Exercise aim: If a line in the data contains "intro", copy it out.

Excerpted data:
lemma min_modulus_dist_node:
  assumes \<omega>: "modulus_of_continuity \<omega>" and x: "x \<in> set xs"
  shows "min_modulus_dist \<omega> xs x = 0"
  using min_modulus_dist_le[OF x, of \<omega> x] min_modulus_dist_nonneg[OF \<omega>, of xs x] x
    modulus_of_continuity_zero[OF \<omega>]
  by force

lemma min_modulus_dist_in_Hclass:
  assumes \<omega>: "modulus_of_continuity \<omega>" and "xs \<noteq> []"
  shows "min_modulus_dist \<omega> xs \<in> Hclass T \<omega>"
proof -
  have le: "min_modulus_dist \<omega> xs s \<le> min_modulus_dist \<omega> xs t + \<omega> (dist s t)" for s t
  proof -
    let ?x = "xs ! nearest xs t"
    have "min_modulus_dist \<omega> xs s \<le> \<omega> (dist ?x s)"
      by (rule min_modulus_dist_le[OF nearest_mem[OF \<open>xs \<noteq> []\<close>]])
    also have "\<dots> \<le> \<omega> (dist ?x t + dist t s)"
      by (intro modulus_of_continuity_mono[OF \<omega>] zero_le_dist dist_triangle)
    also have "\<dots> \<le> \<omega> (dist ?x t) + \<omega> (dist s t)"
      by (simp add: modulus_of_continuity_subadditive[OF \<omega>] dist_commute)
    finally show ?thesis
      using min_modulus_dist_nearest[OF assms] by (simp add: dist_commute)
  qed
  show ?thesis
    unfolding Hclass_def
  proof (intro CollectI ballI)
    fix s t :: 'a
    show "dist (min_modulus_dist \<omega> xs s) (min_modulus_dist \<omega> xs t) \<le> \<omega> (dist s t)"
      using le[of s t] le[of t s] by (simp add: dist_real_def dist_commute abs_le_iff)
  qed
qed
lemma admissible_closed:
  assumes S: "admissible_sigma \<Sigma>" and A: "closed A"
  shows "A \<in> \<Sigma>"
proof -
  interpret sigma_algebra UNIV \<Sigma> by (rule admissible_sigma_algebra[OF S])
  have "- A \<in> \<Sigma>" using A S by (simp add: admissible_sigma_def open_Compl)
  then have "UNIV - (- A) \<in> \<Sigma>" by (rule compl_sets)
  then show ?thesis by simp
qed

lemma closed_coord: "closed {p :: nat \<Rightarrow> 'x::metric_space. p j = c}"
  by (rule closed_Collect_eq) (auto intro: continuous_on_product_coordinates)

lemma closed_cyl: "closed (cyl (\<omega> :: nat \<Rightarrow> 'x::metric_space) t)"
proof -
  have "cyl \<omega> t = (\<Inter>j\<in>{..<t}. {p. p j = \<omega> j})" by (auto simp: cyl_def)
  then show ?thesis by (simp add: closed_INT closed_coord)
qed

lemma cyl_in_cylinders: "cyl \<omega> t \<in> cylinders"
  by (auto simp: cylinders_def)

lemma UNIV_in_cylinders: "UNIV \<in> cylinders"
  using cyl_in_cylinders[of undefined 0] by (simp add: cyl_def)

section \<open>Markers and charges\<close>

definition marker :: "'x \<Rightarrow> 'x \<Rightarrow> nat \<Rightarrow> nat \<Rightarrow> (nat \<Rightarrow> 'x) set" where
  "marker a b n i = {p. p (n+i) = b \<and> p (2*n+i+1) = b \<and> (\<forall>j. n+i < j \<and> j \<noteq> 2*n+i+1 \<longrightarrow> p j = a)}"

definition marked :: "'x \<Rightarrow> 'x \<Rightarrow> real \<Rightarrow> (nat \<Rightarrow> 'x) set" where
  "marked a b s = (\<Union>(n, i)\<in>{(n,i). i < n \<and> real i < s * real n}. marker a b n i)"

text \<open>A path in marker a b m l has its last b at position 2m+l+1 and the b before that
  at position m+l; hence it lies in at most one marker.\<close>
lemma marker_disjoint:
  assumes ab: "a \<noteq> b" and p: "p \<in> marker a b n i" "p \<in> marker a b n' i'"
  shows "n' = n \<and> i' = i"
proof -
  have tail_a: "p k = a" if "p \<in> marker a b m l" "m+l < k" "k \<noteq> 2*m+l+1" for k m l
    using that unfolding marker_def by simp
  have last_b: "k = 2*m+l+1" if "p \<in> marker a b m l" "p k = b" "2*m+l+1 \<le> k" for k m l
  proof (rule ccontr)
    assume ne: "k \<noteq> 2*m+l+1"
    have "m+l < k" using that(3) by linarith
    then have "p k = a" using ne by (rule tail_a[OF that(1)])
    with that(2) ab show False by simp
  qed
  have prev_b: "k = m+l" if "p \<in> marker a b m l" "p k = b" "m+l \<le> k" "k < 2*m+l+1" for k m l
  proof (rule ccontr)
    assume "k \<noteq> m+l"
    then have "m+l < k" using that(3) by linarith
    moreover have "k \<noteq> 2*m+l+1" using that(4) by linarith
    ultimately have "p k = a" by (rule tail_a[OF that(1)])
    with that(2) ab show False by simp
  qed
  have b_at: "p (m+l) = b" "p (2*m+l+1) = b" if "p \<in> marker a b m l" for m l
    using that unfolding marker_def by auto
  have e1: "2*n+i+1 = 2*n'+i'+1"
    using last_b[OF p(1) b_at(2)[OF p(2)]] last_b[OF p(2) b_at(2)[OF p(1)]] by linarith
  have "n+i = n'+i'"
    using prev_b[OF p(1) b_at(1)[OF p(2)]] prev_b[OF p(2) b_at(1)[OF p(1)]] e1 by linarith
  with e1 show ?thesis by simp
qed

lemma marked_mono: "r \<le> s \<Longrightarrow> marked a b r \<subseteq> marked a b s"
  unfolding marked_def
  by (intro UN_mono order_refl) (auto intro: order_less_le_trans mult_right_mono)

lemma marked_0: "marked a b 0 = {}"
  unfolding marked_def by auto

text \<open>Markers are closed, so the countable unions marked a b s are events.\<close>
lemma marked_in_sigma:
  fixes a b :: "'x::metric_space"
  assumes S: "admissible_sigma \<Sigma>"
  shows "marked a b s \<in> \<Sigma>"
proof -
  have "closed (marker a b n i)" for n i
  proof -
    have "marker a b n i = {p. p (n+i) = b} \<inter> {p. p (2*n+i+1) = b} \<inter>
        (\<Inter>j\<in>{j. n+i < j \<and> j \<noteq> 2*n+i+1}. {p. p j = a})"
      by (auto simp: marker_def)
    then show ?thesis by (simp add: closed_INT closed_coord closed_Int)
  qed
  then show ?thesis unfolding marked_def
    by (intro sigma_algebra.countable_UN[OF admissible_sigma_algebra[OF S]])
       (auto intro: admissible_closed[OF S])
qed

text \<open>A charge (relative to a, b) is a finitely additive probability on all sets of
  paths that gives the slab marked a b s - marked a b r at most its length s - r and
  is carried by marked a b 1.  The slab condition is what makes charges strongly
  nonatomic.\<close>
definition charge :: "'x \<Rightarrow> 'x \<Rightarrow> ((nat \<Rightarrow> 'x) set \<Rightarrow> real) \<Rightarrow> bool" where
  "charge a b Q \<longleftrightarrow> (\<forall>E. 0 \<le> Q E) \<and> Q UNIV = 1 \<and>
     (\<forall>A B. A \<inter> B = {} \<longrightarrow> Q (A \<union> B) = Q A + Q B) \<and>
     (\<forall>r s. 0 \<le> r \<and> r \<le> s \<and> s \<le> 1 \<longrightarrow> Q (marked a b s - marked a b r) \<le> s - r) \<and>
     Q (- marked a b 1) = 0"

context
  fixes a b :: 'x and Q :: "(nat \<Rightarrow> 'x) set \<Rightarrow> real"
  assumes Q: "charge a b Q"
begin

lemma charge_nonneg: "0 \<le> Q E"
  using Q by (simp add: charge_def)

lemma charge_UNIV: "Q UNIV = 1"
  using Q by (simp add: charge_def)

lemma charge_add: "A \<inter> B = {} \<Longrightarrow> Q (A \<union> B) = Q A + Q B"
  using Q by (simp add: charge_def)

lemma charge_slab: "0 \<le> r \<Longrightarrow> r \<le> s \<Longrightarrow> s \<le> 1 \<Longrightarrow> Q (marked a b s - marked a b r) \<le> s - r"
  using Q by (simp add: charge_def)

lemma charge_unmarked: "Q (- marked a b 1) = 0"
  using Q by (simp add: charge_def)

lemma charge_Int_diff: "Q E = Q (E \<inter> H) + Q (E - H)"
  using charge_add[of "E \<inter> H" "E - H"] by (simp add: Int_Diff_Un Int_Diff_disjoint)

lemma charge_mono: "A \<subseteq> B \<Longrightarrow> Q A \<le> Q B"
  using charge_Int_diff[of B A] charge_nonneg[of "B - A"] by (simp add: Int_absorb1)

lemma charge_le1: "Q E \<le> 1"
  using charge_mono[of E UNIV] charge_UNIV by simp

lemma charge_null_Int:
  assumes "Q H = 0"
  shows "Q (E \<inter> H) = 0"
proof -
  have "Q (E \<inter> H) \<le> Q H" by (rule charge_mono) blast
  then show ?thesis using assms charge_nonneg[of "E \<inter> H"] by simp
qed

lemma charge_full_Int:
  assumes "Q H = 1"
  shows "Q (E \<inter> H) = Q E"
proof -
  have "Q (UNIV - H) = 0" using charge_Int_diff[of UNIV H] charge_UNIV assms by simp
  moreover have "E \<inter> (UNIV - H) = E - H" by blast
  ultimately have "Q (E - H) = 0" using charge_null_Int[of "UNIV - H" E] by simp
  then show ?thesis using charge_Int_diff[of E H] by simp
qed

Exercise result:
      by (intro modulus_of_continuity_mono[OF \<omega>] zero_le_dist dist_triangle)
  proof (intro CollectI ballI)
  by (rule closed_Collect_eq) (auto intro: continuous_on_product_coordinates)
  by (intro UN_mono order_refl) (auto intro: order_less_le_trans mult_right_mono)
    by (intro sigma_algebra.countable_UN[OF admissible_sigma_algebra[OF S]])
       (auto intro: admissible_closed[OF S])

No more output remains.